Aim of the task | Which lines of the records contain the word "bracket"? Show each of them.

Start of Data to use

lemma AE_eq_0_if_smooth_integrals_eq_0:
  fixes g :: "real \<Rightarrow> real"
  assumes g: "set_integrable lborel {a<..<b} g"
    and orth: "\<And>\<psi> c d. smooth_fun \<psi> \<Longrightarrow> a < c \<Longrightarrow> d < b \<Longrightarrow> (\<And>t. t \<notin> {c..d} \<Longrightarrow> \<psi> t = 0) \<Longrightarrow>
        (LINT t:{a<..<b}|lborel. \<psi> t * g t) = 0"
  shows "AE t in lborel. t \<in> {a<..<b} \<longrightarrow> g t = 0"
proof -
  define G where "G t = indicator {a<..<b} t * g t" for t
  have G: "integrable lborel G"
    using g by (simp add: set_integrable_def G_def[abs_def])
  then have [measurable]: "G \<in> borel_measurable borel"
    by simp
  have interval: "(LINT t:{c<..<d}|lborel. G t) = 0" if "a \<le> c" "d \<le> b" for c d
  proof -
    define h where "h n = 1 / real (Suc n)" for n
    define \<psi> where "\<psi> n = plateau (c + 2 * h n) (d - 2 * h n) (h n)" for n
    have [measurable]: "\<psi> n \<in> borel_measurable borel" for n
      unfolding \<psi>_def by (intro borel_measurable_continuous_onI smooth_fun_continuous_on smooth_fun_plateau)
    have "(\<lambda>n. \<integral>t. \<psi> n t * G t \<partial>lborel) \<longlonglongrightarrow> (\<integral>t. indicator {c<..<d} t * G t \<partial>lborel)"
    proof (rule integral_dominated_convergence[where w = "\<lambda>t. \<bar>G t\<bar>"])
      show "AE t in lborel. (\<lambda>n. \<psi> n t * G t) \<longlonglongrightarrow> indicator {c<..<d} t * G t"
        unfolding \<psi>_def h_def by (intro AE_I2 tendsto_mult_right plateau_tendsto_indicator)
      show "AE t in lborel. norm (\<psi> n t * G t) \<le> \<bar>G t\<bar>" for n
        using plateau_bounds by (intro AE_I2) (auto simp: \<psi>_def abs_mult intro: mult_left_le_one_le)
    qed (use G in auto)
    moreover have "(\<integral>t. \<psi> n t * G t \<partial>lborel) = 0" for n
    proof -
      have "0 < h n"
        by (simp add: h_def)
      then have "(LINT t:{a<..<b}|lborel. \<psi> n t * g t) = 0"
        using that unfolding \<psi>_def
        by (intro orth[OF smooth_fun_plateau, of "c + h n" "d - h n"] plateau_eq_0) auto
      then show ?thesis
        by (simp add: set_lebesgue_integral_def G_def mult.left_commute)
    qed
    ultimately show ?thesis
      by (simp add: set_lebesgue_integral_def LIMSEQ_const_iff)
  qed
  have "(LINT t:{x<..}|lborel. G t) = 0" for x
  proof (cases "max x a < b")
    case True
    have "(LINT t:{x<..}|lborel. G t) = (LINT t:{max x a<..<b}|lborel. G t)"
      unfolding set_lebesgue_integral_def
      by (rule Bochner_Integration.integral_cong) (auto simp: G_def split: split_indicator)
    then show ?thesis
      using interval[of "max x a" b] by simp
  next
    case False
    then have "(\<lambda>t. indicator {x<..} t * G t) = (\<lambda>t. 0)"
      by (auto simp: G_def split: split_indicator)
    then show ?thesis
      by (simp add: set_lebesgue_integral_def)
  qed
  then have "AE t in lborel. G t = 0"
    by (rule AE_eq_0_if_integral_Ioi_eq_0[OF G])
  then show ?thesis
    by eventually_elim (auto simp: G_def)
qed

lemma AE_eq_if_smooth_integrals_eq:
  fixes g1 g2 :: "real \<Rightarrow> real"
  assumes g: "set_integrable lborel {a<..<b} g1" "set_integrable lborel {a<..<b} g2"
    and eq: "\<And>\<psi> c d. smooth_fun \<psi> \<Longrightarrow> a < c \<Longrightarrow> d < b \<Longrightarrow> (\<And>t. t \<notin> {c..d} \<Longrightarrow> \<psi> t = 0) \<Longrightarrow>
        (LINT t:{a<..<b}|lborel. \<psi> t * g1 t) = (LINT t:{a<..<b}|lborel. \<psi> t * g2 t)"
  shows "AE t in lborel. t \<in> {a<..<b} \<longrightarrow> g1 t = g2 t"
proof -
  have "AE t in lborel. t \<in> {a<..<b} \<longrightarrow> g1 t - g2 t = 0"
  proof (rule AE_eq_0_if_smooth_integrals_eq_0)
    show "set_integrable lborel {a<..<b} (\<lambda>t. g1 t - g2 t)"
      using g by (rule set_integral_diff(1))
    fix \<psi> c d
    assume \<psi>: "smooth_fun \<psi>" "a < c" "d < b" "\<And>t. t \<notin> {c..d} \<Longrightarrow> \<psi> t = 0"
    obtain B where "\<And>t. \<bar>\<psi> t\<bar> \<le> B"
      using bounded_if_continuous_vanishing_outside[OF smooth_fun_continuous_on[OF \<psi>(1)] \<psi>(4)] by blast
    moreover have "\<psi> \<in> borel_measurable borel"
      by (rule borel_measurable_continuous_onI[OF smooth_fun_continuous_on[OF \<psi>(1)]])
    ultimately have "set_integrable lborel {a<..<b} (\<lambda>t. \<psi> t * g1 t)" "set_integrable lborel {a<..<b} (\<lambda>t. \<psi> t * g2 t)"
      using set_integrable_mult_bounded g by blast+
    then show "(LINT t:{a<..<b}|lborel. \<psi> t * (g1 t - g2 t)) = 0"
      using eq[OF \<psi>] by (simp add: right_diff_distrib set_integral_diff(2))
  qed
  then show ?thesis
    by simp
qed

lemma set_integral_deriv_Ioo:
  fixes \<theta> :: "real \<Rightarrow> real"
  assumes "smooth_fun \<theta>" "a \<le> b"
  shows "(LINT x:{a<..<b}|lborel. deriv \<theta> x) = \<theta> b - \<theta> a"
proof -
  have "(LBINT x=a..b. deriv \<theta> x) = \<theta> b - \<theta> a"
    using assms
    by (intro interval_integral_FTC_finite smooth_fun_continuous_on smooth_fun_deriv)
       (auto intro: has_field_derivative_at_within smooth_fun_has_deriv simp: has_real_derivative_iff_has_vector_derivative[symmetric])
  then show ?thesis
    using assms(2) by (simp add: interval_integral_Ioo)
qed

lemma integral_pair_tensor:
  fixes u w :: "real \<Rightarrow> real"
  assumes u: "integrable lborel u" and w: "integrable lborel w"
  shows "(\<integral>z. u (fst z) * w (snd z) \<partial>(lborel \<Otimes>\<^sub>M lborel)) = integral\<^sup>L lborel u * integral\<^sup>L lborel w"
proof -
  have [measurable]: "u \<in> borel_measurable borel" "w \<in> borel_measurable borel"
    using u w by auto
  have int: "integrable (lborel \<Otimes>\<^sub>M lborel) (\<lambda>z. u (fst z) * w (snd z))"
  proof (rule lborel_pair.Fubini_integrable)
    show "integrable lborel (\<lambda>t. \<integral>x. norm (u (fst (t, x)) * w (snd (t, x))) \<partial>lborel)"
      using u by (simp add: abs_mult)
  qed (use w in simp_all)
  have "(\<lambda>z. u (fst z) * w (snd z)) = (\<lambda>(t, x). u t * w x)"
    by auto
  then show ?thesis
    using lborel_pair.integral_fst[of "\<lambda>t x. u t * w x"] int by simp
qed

End of Data to use
Start of Data to use

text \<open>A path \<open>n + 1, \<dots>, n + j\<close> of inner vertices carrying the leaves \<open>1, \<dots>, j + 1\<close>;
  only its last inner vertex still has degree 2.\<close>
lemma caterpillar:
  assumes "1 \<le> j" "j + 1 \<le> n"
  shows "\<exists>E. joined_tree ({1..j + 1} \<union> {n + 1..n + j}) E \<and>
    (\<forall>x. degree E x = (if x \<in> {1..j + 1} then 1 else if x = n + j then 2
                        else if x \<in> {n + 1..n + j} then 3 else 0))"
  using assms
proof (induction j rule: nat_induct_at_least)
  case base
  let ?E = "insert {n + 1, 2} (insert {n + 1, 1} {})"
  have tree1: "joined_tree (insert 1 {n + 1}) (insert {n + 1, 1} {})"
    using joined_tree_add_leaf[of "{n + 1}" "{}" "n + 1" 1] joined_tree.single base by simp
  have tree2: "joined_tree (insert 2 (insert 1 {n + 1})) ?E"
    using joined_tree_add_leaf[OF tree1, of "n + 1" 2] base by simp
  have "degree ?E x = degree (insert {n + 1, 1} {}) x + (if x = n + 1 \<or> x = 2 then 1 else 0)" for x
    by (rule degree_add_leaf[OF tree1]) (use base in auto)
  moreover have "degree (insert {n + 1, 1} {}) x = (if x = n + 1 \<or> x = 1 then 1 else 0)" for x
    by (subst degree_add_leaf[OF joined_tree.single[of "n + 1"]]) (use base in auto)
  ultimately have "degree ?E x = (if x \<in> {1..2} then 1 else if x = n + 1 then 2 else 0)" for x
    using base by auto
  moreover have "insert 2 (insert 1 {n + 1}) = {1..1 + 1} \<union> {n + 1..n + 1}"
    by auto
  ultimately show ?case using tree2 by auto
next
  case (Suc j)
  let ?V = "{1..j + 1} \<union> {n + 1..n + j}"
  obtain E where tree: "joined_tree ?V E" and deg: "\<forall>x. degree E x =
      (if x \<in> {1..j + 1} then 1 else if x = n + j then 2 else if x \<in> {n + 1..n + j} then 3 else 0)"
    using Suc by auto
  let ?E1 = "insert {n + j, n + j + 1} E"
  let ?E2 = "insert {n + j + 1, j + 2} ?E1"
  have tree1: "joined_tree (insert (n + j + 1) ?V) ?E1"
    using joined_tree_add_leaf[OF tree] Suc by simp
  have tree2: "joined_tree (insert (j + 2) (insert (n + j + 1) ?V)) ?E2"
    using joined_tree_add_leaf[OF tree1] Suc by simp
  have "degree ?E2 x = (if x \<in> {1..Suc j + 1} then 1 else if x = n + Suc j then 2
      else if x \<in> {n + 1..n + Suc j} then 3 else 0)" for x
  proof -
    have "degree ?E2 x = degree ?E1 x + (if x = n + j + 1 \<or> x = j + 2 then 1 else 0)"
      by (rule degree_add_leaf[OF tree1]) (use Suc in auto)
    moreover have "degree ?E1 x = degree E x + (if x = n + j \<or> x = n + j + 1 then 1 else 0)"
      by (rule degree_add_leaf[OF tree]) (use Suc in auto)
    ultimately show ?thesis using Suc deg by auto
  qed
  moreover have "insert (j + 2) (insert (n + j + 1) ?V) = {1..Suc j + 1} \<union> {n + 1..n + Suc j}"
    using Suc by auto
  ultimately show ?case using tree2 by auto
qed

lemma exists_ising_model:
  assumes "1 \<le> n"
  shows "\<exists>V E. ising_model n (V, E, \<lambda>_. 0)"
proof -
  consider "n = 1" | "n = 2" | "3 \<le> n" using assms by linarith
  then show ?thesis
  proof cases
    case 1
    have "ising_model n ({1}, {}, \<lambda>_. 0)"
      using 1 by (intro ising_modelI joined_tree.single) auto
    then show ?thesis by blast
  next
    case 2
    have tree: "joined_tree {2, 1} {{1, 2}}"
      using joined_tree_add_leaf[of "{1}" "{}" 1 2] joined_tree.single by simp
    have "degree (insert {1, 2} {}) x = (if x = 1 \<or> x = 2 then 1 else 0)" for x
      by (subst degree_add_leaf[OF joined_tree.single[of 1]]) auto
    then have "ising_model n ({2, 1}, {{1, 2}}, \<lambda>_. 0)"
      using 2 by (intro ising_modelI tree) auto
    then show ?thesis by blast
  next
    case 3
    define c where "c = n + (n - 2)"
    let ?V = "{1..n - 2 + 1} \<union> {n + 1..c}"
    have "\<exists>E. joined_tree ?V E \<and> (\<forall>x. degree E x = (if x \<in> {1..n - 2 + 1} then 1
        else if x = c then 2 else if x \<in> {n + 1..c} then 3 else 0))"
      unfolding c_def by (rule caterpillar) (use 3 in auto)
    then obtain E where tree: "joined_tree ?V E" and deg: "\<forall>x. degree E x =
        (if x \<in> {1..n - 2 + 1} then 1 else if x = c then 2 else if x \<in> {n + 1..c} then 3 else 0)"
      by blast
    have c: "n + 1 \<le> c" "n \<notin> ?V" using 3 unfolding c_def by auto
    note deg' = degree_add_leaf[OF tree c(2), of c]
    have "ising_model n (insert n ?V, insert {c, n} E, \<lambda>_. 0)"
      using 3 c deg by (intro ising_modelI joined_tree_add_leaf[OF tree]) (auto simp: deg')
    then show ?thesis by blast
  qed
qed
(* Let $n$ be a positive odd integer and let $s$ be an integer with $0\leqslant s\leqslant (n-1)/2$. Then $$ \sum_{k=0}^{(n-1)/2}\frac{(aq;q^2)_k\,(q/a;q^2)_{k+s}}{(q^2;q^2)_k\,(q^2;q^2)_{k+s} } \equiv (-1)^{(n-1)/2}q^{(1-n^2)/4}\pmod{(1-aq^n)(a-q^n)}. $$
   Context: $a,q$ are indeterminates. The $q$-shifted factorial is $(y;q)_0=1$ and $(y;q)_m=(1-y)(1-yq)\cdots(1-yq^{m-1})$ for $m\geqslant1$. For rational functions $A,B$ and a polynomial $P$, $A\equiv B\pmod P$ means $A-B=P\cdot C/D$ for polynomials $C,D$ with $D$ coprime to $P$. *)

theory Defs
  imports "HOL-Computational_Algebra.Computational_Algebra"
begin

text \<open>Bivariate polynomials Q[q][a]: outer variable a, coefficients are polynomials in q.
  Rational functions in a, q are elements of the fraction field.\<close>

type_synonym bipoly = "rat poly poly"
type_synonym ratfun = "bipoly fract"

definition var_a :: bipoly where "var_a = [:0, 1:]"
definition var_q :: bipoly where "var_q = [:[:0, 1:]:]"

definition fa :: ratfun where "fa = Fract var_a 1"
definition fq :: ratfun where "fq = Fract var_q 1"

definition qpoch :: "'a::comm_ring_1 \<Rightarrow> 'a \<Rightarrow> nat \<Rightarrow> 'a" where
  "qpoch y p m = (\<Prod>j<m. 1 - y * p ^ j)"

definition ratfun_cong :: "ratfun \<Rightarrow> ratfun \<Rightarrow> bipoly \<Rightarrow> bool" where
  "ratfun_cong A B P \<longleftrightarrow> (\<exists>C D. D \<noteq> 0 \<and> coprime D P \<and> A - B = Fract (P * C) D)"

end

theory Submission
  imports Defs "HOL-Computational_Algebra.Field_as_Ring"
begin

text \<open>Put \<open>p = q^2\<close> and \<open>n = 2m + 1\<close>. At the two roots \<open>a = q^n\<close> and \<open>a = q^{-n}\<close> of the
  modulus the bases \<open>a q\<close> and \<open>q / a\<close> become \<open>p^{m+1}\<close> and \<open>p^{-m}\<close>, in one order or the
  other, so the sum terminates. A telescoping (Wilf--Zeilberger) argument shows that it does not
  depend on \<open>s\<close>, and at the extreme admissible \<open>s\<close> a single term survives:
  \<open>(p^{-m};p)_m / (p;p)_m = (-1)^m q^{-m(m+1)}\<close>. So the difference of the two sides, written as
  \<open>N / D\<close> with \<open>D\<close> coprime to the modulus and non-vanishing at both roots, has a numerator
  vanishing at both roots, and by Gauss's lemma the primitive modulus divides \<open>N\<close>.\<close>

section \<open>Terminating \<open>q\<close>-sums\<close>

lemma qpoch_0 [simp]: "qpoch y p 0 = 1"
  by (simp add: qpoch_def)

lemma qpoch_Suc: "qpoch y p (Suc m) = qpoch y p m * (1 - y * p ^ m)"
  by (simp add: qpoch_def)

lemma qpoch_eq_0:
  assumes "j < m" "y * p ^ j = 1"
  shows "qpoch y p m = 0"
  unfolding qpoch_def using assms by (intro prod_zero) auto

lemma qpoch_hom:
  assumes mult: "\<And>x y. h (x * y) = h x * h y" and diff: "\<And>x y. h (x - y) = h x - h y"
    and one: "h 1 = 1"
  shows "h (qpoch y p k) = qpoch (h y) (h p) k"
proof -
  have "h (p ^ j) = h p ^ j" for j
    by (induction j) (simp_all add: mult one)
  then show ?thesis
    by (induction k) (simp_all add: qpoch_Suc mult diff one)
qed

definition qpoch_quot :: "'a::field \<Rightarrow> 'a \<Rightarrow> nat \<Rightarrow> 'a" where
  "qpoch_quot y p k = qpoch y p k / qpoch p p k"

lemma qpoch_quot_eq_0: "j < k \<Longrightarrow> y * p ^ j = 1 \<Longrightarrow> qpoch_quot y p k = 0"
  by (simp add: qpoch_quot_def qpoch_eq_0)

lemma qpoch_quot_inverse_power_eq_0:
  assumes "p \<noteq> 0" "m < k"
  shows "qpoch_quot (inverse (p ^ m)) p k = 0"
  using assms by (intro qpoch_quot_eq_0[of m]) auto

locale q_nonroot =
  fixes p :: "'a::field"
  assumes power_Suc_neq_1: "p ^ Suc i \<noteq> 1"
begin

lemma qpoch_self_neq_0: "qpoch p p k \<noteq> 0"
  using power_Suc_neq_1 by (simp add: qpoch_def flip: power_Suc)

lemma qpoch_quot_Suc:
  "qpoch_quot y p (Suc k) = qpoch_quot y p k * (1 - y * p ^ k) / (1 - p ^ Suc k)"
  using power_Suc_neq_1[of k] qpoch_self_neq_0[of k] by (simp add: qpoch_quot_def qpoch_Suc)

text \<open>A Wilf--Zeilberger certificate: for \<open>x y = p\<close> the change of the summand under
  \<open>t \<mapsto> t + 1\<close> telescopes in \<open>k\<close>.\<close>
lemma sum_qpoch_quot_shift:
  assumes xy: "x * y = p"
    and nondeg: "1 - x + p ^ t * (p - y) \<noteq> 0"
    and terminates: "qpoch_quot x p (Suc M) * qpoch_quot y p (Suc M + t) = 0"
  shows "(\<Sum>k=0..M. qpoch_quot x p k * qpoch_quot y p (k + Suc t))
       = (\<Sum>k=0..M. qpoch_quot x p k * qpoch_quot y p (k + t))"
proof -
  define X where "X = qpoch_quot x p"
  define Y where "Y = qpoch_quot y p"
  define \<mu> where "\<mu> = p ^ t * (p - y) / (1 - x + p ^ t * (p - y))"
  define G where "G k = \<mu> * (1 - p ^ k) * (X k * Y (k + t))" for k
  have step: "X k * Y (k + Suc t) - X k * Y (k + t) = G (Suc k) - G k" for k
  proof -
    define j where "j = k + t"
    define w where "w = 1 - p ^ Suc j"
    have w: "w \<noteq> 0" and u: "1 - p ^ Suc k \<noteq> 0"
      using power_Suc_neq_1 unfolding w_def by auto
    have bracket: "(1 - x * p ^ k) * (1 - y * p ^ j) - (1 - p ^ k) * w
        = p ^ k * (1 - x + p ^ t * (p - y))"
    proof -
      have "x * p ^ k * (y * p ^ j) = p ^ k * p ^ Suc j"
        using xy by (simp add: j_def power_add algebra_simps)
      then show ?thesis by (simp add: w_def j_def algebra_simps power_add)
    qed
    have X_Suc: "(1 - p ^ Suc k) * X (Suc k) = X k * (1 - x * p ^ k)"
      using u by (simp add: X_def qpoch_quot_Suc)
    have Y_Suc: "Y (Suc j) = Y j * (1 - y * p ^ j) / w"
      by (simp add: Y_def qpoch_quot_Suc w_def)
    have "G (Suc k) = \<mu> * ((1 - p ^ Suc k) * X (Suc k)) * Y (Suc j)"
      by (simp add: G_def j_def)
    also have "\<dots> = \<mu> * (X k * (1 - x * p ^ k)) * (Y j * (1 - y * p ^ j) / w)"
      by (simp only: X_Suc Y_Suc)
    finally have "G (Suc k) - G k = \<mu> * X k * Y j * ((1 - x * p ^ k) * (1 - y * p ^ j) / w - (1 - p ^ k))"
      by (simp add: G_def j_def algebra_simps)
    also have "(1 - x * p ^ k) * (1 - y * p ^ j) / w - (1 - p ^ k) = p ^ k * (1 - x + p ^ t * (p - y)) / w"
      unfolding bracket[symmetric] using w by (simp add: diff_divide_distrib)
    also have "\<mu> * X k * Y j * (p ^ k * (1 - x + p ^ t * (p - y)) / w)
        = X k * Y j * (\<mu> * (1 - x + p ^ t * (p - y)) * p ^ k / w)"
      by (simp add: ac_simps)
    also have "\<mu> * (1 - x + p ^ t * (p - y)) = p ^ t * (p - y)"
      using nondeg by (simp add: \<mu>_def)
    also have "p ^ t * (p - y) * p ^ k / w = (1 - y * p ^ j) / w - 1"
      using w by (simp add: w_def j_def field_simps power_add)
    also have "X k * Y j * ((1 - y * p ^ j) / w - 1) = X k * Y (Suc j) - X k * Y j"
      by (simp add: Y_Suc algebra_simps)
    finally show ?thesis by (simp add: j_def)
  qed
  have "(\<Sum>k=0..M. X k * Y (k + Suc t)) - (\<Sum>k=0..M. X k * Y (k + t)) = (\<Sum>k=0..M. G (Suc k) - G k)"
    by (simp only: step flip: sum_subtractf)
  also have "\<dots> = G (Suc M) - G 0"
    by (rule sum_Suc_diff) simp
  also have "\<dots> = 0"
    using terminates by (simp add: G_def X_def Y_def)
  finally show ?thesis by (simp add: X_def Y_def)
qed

End of Data to use

Task answer |
    have bracket: "(1 - x * p ^ k) * (1 - y * p ^ j) - (1 - p ^ k) * w
      unfolding bracket[symmetric] using w by (simp add: diff_divide_distrib)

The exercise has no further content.